• _EXERCISE MATERIALS_:
(* Let $\mathbf X,\mathbf Y,\mathbf Z$ be pairwise disjoint node sets in an MPDAG $\mathcal G=(\mathbf V,\mathbf E)$. Suppose there is a proper possibly causal path from $\mathbf X$ to $\mathbf Y$ in $\mathcal G$ that starts with an undirected edge and contains no node of $\mathbf Z$. Then there is such a path $q=\langle X=V_0,V_1,\dots,V_k=Y\rangle$ with $X\in\mathbf X$, $Y\in\mathbf Y$, $k\ge1$, and two DAGs $\mathcal D^1,\mathcal D^2\in[\mathcal G]$ such that the path on the same node sequence is $X\to V_1\to\cdots\to Y$ in $\mathcal D^1$ and is $X\leftarrow V_1\to V_2\to\cdots\to Y$ in $\mathcal D^2$ (that is, $X\leftarrow Y$ when $k=1$).
   Context: An MPDAG $\mathcal G=(\mathbf V,\mathbf E)$ is a graph with directed ($\to$) and undirected ($-$) edges and no directed cycles, obtained from a CPDAG (the graph representing a Markov equivalence class of DAGs) by orienting some undirected edges and closing under Meek's orientation rules R1–R4; every DAG is an MPDAG. $[\mathcal G]$ is the set of DAGs with the same nodes, adjacencies and directed edges as $\mathcal G$. A path is a sequence of distinct nodes with successive nodes adjacent; a path from $\mathbf X$ to $\mathbf Y$ runs from some $X\in\mathbf X$ to some $Y\in\mathbf Y$ and is proper if only its first node is in $\mathbf X$. A path $\langle V_1,\dots,V_k\rangle$ is possibly causal if $\mathcal G$ contains no edge $V_i\leftarrow V_j$ with $1\le i<j\le k$. *)

theory Defs
  imports Main
begin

• _ASSIGNED TASK_:
Retype the entries in full. Keep every line identical.

• _ANSWER AREA_:
(* Let $\mathbf X,\mathbf Y,\mathbf Z$ be pairwise disjoint node sets in an MPDAG $\mathcal G=(\mathbf V,\mathbf E)$. Suppose there is a proper possibly causal path from $\mathbf X$ to $\mathbf Y$ in $\mathcal G$ that starts with an undirected edge and contains no node of $\mathbf Z$. Then there is such a path $q=\langle X=V_0,V_1,\dots,V_k=Y\rangle$ with $X\in\mathbf X$, $Y\in\mathbf Y$, $k\ge1$, and two DAGs $\mathcal D^1,\mathcal D^2\in[\mathcal G]$ such that the path on the same node sequence is $X\to V_1\to\cdots\to Y$ in $\mathcal D^1$ and is $X\leftarrow V_1\to V_2\to\cdots\to Y$ in $\mathcal D^2$ (that is, $X\leftarrow Y$ when $k=1$).
   Context: An MPDAG $\mathcal G=(\mathbf V,\mathbf E)$ is a graph with directed ($\to$) and undirected ($-$) edges and no directed cycles, obtained from a CPDAG (the graph representing a Markov equivalence class of DAGs) by orienting some undirected edges and closing under Meek's orientation rules R1–R4; every DAG is an MPDAG. $[\mathcal G]$ is the set of DAGs with the same nodes, adjacencies and directed edges as $\mathcal G$. A path is a sequence of distinct nodes with successive nodes adjacent; a path from $\mathbf X$ to $\mathbf Y$ runs from some $X\in\mathbf X$ to some $Y\in\mathbf Y$ and is proper if only its first node is in $\mathbf X$. A path $\langle V_1,\dots,V_k\rangle$ is possibly causal if $\mathcal G$ contains no edge $V_i\leftarrow V_j$ with $1\le i<j\le k$. *)

theory Defs
  imports Main
begin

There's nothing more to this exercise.